This blog has moved, as of October 1, 2012, to a new address: http://thepracticalmystic.org/
Thus I leave blogspot and join wordpress. What this means for my regular readers is that you can now subscribe and get my latest post by email if you choose.
Archives for February 2011–September 2012 will remain at this site.
The Practical Mystic
Monday, October 1, 2012
Tuesday, September 25, 2012
A 50th high school reunion
I was the editor of this gaudy yearbook. The reunion committee provided ID badges of our former selves. |
Last weekend my high school class of 1962 had a reunion.
Fifty years is real time.
I had attended our 35- and 45-year reunions so people’s
appearance was no shocker. It is a bit disconcerting to see such familiar faces
wearing the disguise of age. But after a weekend with my peer group I look at
my present face with more respect and affection. I see in myself, like I saw in
them, the gem of who I used to be and still am, the spark of my essential self.
Some of the women, like me, look like our mothers but with good haircuts.
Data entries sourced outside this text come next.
lemma sq_at_strengthen:
  assumes "sq_at R H w (add_mset d \<Gamma>) C" and "snd d \<noteq> w"
    and "\<And>v \<Gamma> B. R w v \<Longrightarrow> H v (add_mset d \<Gamma>) B = H v \<Gamma> B"
  shows "sq_at R H w \<Gamma> C"
  using assms(1)
proof (induction "add_mset d \<Gamma>" C arbitrary: \<Gamma> rule: sq_at.induct)
  case (init Q \<Gamma>' \<Gamma>)
  then have "(Atom Q, w) \<in># add_mset d \<Gamma>"
    by (metis union_single_eq_member)
  then show ?case using assms(2) by (intro sq_at_init) auto
next
  case (botL C \<Gamma>)
  show ?case by (rule sq_at.botL) (use botL assms(2) in auto)
next
  case (impR A B \<Gamma>)
  then show ?case by (intro sq_at.impR) (simp add: add_mset_commute)
next
  case (impL A B C \<Gamma>)
  show ?case by (rule sq_at.impL[of A B]) (use impL assms(2) in \<open>auto simp: add_mset_commute\<close>)
next
  case (diaR w' A \<Gamma>)
  then show ?case using assms(3) by (intro sq_at.diaR) auto
next
  case (boxR A \<Gamma>)
  then show ?case using assms(3) by (intro sq_at.boxR) auto
next
  case (diaL A C \<Gamma>)
  show ?case by (rule sq_at.diaL[of A]) (use diaL assms(2,3) in auto)
next
  case (boxL A C \<Gamma>)
  show ?case by (rule sq_at.boxL[of A]) (use boxL assms(2,3) in auto)
qed

lemma sq_at_hyp: "(A, w) \<in># \<Gamma> \<Longrightarrow> sq_at R H w \<Gamma> A"
proof (induction A arbitrary: \<Gamma>)
  case (Atom Q)
  then show ?case by (rule sq_at_init)
next
  case Bot
  then show ?case by (rule sq_at.botL)
next
  case (Imp P Q)
  show ?case by (rule sq_at.impR, rule sq_at.impL[of P Q]) (use Imp in simp_all)
next
  case (Dia B)
  show ?case by (rule sq_at.diaL[of B]) (use Dia in \<open>auto intro: sq_at.diaR\<close>)
next
  case (Box B)
  show ?case by (rule sq_at.boxL[of B]) (use Box in \<open>auto intro: sq_at.boxR\<close>)
qed

lemma sq_at_Bot_elim:
  fixes C :: "'q form"
  shows "sq_at R H w \<Gamma> (Bot :: 'q form) \<Longrightarrow> sq_at R H w \<Gamma> C"
proof (induction \<Gamma> "Bot :: 'q form" rule: sq_at.induct)
  case (botL \<Gamma>)
  then show ?case by (rule sq_at.botL)
next
  case (impL A B \<Gamma>)
  show ?case by (rule sq_at.impL[of A B]) (use impL in simp_all)
next
  case (diaL A \<Gamma>)
  show ?case by (rule sq_at.diaL[of A]) (use diaL in auto)
next
  case (boxL A \<Gamma>)
  show ?case by (rule sq_at.boxL[of A]) (use boxL in auto)
qed

locale successors_ignore_hyps =
  fixes R :: "'w \<Rightarrow> 'w \<Rightarrow> bool" and H :: "'w \<Rightarrow> ('q, 'w) ctx \<Rightarrow> 'q form \<Rightarrow> bool"
    and w :: 'w
  assumes successors_ignore_hyps: "R w v \<Longrightarrow> H v (add_mset (D, w) \<Gamma>) B = H v \<Gamma> B"
begin

lemma sq_at_add_local_hyp: "sq_at R H w \<Gamma> C \<Longrightarrow> sq_at R H w (add_mset (D, w) \<Gamma>) C"
  by (erule sq_at_weaken) (rule successors_ignore_hyps)

lemma sq_at_Imp_inv: "sq_at R H w \<Gamma> (Imp P Q) \<Longrightarrow> sq_at R H w (add_mset (P, w) \<Gamma>) Q"
proof (induction \<Gamma> "Imp P Q" rule: sq_at.induct)
  case (botL \<Gamma>)
  show ?case by (rule sq_at.botL) (use botL in simp)
next
  case (impR \<Gamma>)
  then show ?case by simp
next
  case (impL A B \<Gamma>)
  show ?case
    by (rule sq_at.impL[of A B])
      (use impL sq_at_add_local_hyp in \<open>simp_all add: add_mset_commute\<close>)
next
  case (diaL A \<Gamma>)
  show ?case by (rule sq_at.diaL[of A]) (use diaL successors_ignore_hyps in auto)
next
  case (boxL A \<Gamma>)
  show ?case by (rule sq_at.boxL[of A]) (use boxL successors_ignore_hyps in auto)
qed

lemma sq_at_Dia_elim:
  "sq_at R H w \<Gamma> (Dia B) \<Longrightarrow> (\<And>w'. R w w' \<Longrightarrow> H w' \<Gamma> B \<Longrightarrow> sq_at R H w \<Gamma> C)
    \<Longrightarrow> sq_at R H w \<Gamma> C"
proof (induction \<Gamma> "Dia B" rule: sq_at.induct)
  case (botL \<Gamma>)
  show ?case by (rule sq_at.botL) (fact botL(1))
next
  case (diaR w' \<Gamma>)
  then show ?case by simp
next
  case (impL A B' \<Gamma>)
  show ?case
    by (rule sq_at.impL[of A B'])
      (use impL successors_ignore_hyps in \<open>auto intro: sq_at_add_local_hyp\<close>)
next
  case (diaL A \<Gamma>)
  show ?case by (rule sq_at.diaL[of A]) (use diaL in auto)
next
  case (boxL A \<Gamma>)
  show ?case by (rule sq_at.boxL[of A]) (use boxL in auto)
qed

lemma sq_at_Box_elim:
  "sq_at R H w \<Gamma> (Box B) \<Longrightarrow> ((\<And>w'. R w w' \<Longrightarrow> H w' \<Gamma> B) \<Longrightarrow> sq_at R H w \<Gamma> C)
    \<Longrightarrow> sq_at R H w \<Gamma> C"
proof (induction \<Gamma> "Box B" rule: sq_at.induct)
  case (botL \<Gamma>)
  show ?case by (rule sq_at.botL) (fact botL(1))
next
  case (boxR \<Gamma>)
  then show ?case by simp
next
  case (impL A B' \<Gamma>)
  show ?case
    by (rule sq_at.impL[of A B'])
      (use impL successors_ignore_hyps in \<open>auto intro: sq_at_add_local_hyp\<close>)
next
  case (diaL A \<Gamma>)
  show ?case by (rule sq_at.diaL[of A]) (use diaL in auto)
next
  case (boxL A \<Gamma>)
  show ?case by (rule sq_at.boxL[of A]) (use boxL in auto)
qed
Melba and Janis, looking like their mothers only better. |
The reunion committee had asked us for updates and
reflections on our lives and published these in a booklet. I was impressed by
the breadth and depth of the lives people have lived. Travel, family,
achievement, service blended with a remarkable integrity. My classmates have
been true to themselves and to their faith. They have served the world at large
and the communities where they have been planted or the one they never left.
They have become beloved parents and grandparents.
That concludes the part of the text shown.